Question

For the circuits shown in figures I and II, the voltmeter reading would be

A. 2V in circuit I and 0V in circuit II
B. 0V in both circuits
C. 2V in both circuits
D. 0V in circuit I and 2V in circuit II

Answer 1

A voltmeter connected across a resistance, measures the potential drop that the resistance creates. This potential drop can simply be calculated by Ohm's law by knowing the value of current in the circuit.

Formula used:
Ohm’s law: Voltage drop across a resistance is given as:
V=IR;
when a current of I ampere is flowing in the circuit.

Complete answer:
We must first carefully observe the two circuits and try to compare and contrast them. Upon looking closely, we will find that in circuit I, the key is not placed in the circuit. This means that circuit I is not a closed circuit, so no current flows in that circuit and therefore the potential drop across the resistance will be 0 V. This, itself will provide us the right answer without any need to proceed further but just to make sure, we analyze circuit II with the help of Ohm's law. In circuit II, the key is placed, i.e., circuit is closed.
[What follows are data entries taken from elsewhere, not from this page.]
(* Problem (RO-$\Sigma$) has an optimal solution $(B,\beta_1,\ldots,\beta_B)$ satisfying $|\{b\in\{1,\ldots,B\}: i\in\beta_b\}|<|\{b\in\{1,\ldots,B\}: j\in\beta_b\}|$ for all candidates $i<j$ that belong to the same contest.
   Context: A ballot style consists of contests $\mathcal{C}=\{1,\ldots,C\}$, candidates $\mathcal{N}=\{1,\ldots,N\}$ partitioned into nonempty sets $\mathcal{N}_c$ ($c\in\mathcal{C}$), and positive integers $v_c$. A filled-out ballot is a subset $\beta\subseteq\mathcal{N}$; $\mathscr{B}=\{\beta\subseteq\mathcal{N}: |\mathcal{N}_c\cap\beta|\le v_c\ \forall c\}$. For $i\in\mathcal{N}_c$: $T^*_i(\beta_1,\ldots,\beta_B)=\sum_{b=1}^B\mathbb{I}\{i\in\beta_b\text{ and }|\mathcal{N}_c\cap\beta_b|\le v_c\}$, and for a bijection $\sigma$ of $\mathcal{N}$, $T^\sigma_i(\beta_1,\ldots,\beta_B)=\sum_{b=1}^B\mathbb{I}\{\sigma(i)\in\beta_b\text{ and }|\{\sigma(j)\in\beta_b: j\in\mathcal{N}_c\}|\le v_c\}$. $\Sigma$ is the set of non-identity bijections $\mathcal{N}\to\mathcal{N}$. Problem (RO-$\Sigma$): minimize $B$ over $B\in\mathbb{N}$ and $\beta_1,\ldots,\beta_B\in\mathscr{B}$ subject to $T^\sigma(\beta_1,\ldots,\beta_B)\neq T^*(\beta_1,\ldots,\beta_B)$ for all $\sigma\in\Sigma$. *)

theory Defs
  imports Main
begin

text \<open>Ballot style: candidates {1..N}, contests {1..C}; con i is the contest of candidate i,
  so the contest sets are N_c = contest_set N con c. v c is the vote limit of contest c.
  A sequence of ballots beta_1..beta_B is a list of sets (index b ranges over 0..<B).\<close>

definition contest_set :: "nat \<Rightarrow> (nat \<Rightarrow> nat) \<Rightarrow> nat \<Rightarrow> nat set" where
  "contest_set N con c = {i \<in> {1..N}. con i = c}"

definition ballots :: "nat \<Rightarrow> nat \<Rightarrow> (nat \<Rightarrow> nat) \<Rightarrow> (nat \<Rightarrow> nat) \<Rightarrow> nat set set" where
  "ballots N C con v = {\<beta>. \<beta> \<subseteq> {1..N} \<and>
      (\<forall>c\<in>{1..C}. card (contest_set N con c \<inter> \<beta>) \<le> v c)}"

definition Tstar :: "nat \<Rightarrow> (nat \<Rightarrow> nat) \<Rightarrow> (nat \<Rightarrow> nat) \<Rightarrow> nat set list \<Rightarrow> nat \<Rightarrow> nat" where
  "Tstar N con v bs i = card {b. b < length bs \<and> i \<in> bs ! b \<and>
      card (contest_set N con (con i) \<inter> bs ! b) \<le> v (con i)}"

definition Tsigma :: "nat \<Rightarrow> (nat \<Rightarrow> nat) \<Rightarrow> (nat \<Rightarrow> nat) \<Rightarrow> (nat \<Rightarrow> nat) \<Rightarrow> nat set list \<Rightarrow> nat \<Rightarrow> nat" where
  "Tsigma N con v \<sigma> bs i = card {b. b < length bs \<and> \<sigma> i \<in> bs ! b \<and>
      card {\<sigma> j | j. j \<in> contest_set N con (con i) \<and> \<sigma> j \<in> bs ! b} \<le> v (con i)}"

definition Sigma_set :: "nat \<Rightarrow> (nat \<Rightarrow> nat) set" where
  "Sigma_set N = {\<sigma>. bij_betw \<sigma> {1..N} {1..N} \<and> (\<exists>i\<in>{1..N}. \<sigma> i \<noteq> i)}"

definition RO_feasible :: "nat \<Rightarrow> nat \<Rightarrow> (nat \<Rightarrow> nat) \<Rightarrow> (nat \<Rightarrow> nat) \<Rightarrow> nat set list \<Rightarrow> bool" where
  "RO_feasible N C con v bs \<longleftrightarrow> set bs \<subseteq> ballots N C con v \<and>
     (\<forall>\<sigma>\<in>Sigma_set N. \<exists>i\<in>{1..N}. Tsigma N con v \<sigma> bs i \<noteq> Tstar N con v bs i)"

definition RO_optimal :: "nat \<Rightarrow> nat \<Rightarrow> (nat \<Rightarrow> nat) \<Rightarrow> (nat \<Rightarrow> nat) \<Rightarrow> nat set list \<Rightarrow> bool" where
  "RO_optimal N C con v bs \<longleftrightarrow> RO_feasible N C con v bs \<and>
     (\<forall>bs'. RO_feasible N C con v bs' \<longrightarrow> length bs \<le> length bs')"

definition appearances :: "nat set list \<Rightarrow> nat \<Rightarrow> nat" where
  "appearances bs i = card {b. b < length bs \<and> i \<in> bs ! b}"

end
A current will flow in the circuit which can be found out with the help of expression:
$I = \dfrac{E}{R}$
$I = \dfrac{2V}{2 \Omega }$A
I = 1A.
Again using Ohm's law, across resistance R, we get a potential drop of:
$V = 1 A \times 2 \Omega$
V = 2V.
Therefore, in circuit II, the voltmeter will measure a potential difference of 2V.

Therefore, the correct answer is option (D) i.e., we get a reading of 0V in circuit I and a reading of 2V in circuit II.

Additional information:
There is another method for dealing with such types of questions called Kirchhoff's voltage law. If we are given any loop with (or without) an emf, we can say that the sum of the products of all resistances and their respective currents is equal to the emf in the loop. Like in our case, we can clearly observe that there is only a single resistance so entire potential is dropped across that resistance only.

Note:
One might cut a step and directly say that the entire potential is dropped across the resistance R, so the potential drop across the resistance R will be 2V. One will get the right answer but in such case, if we were given that the emf had an internal resistance, then the current in the circuit would have been different.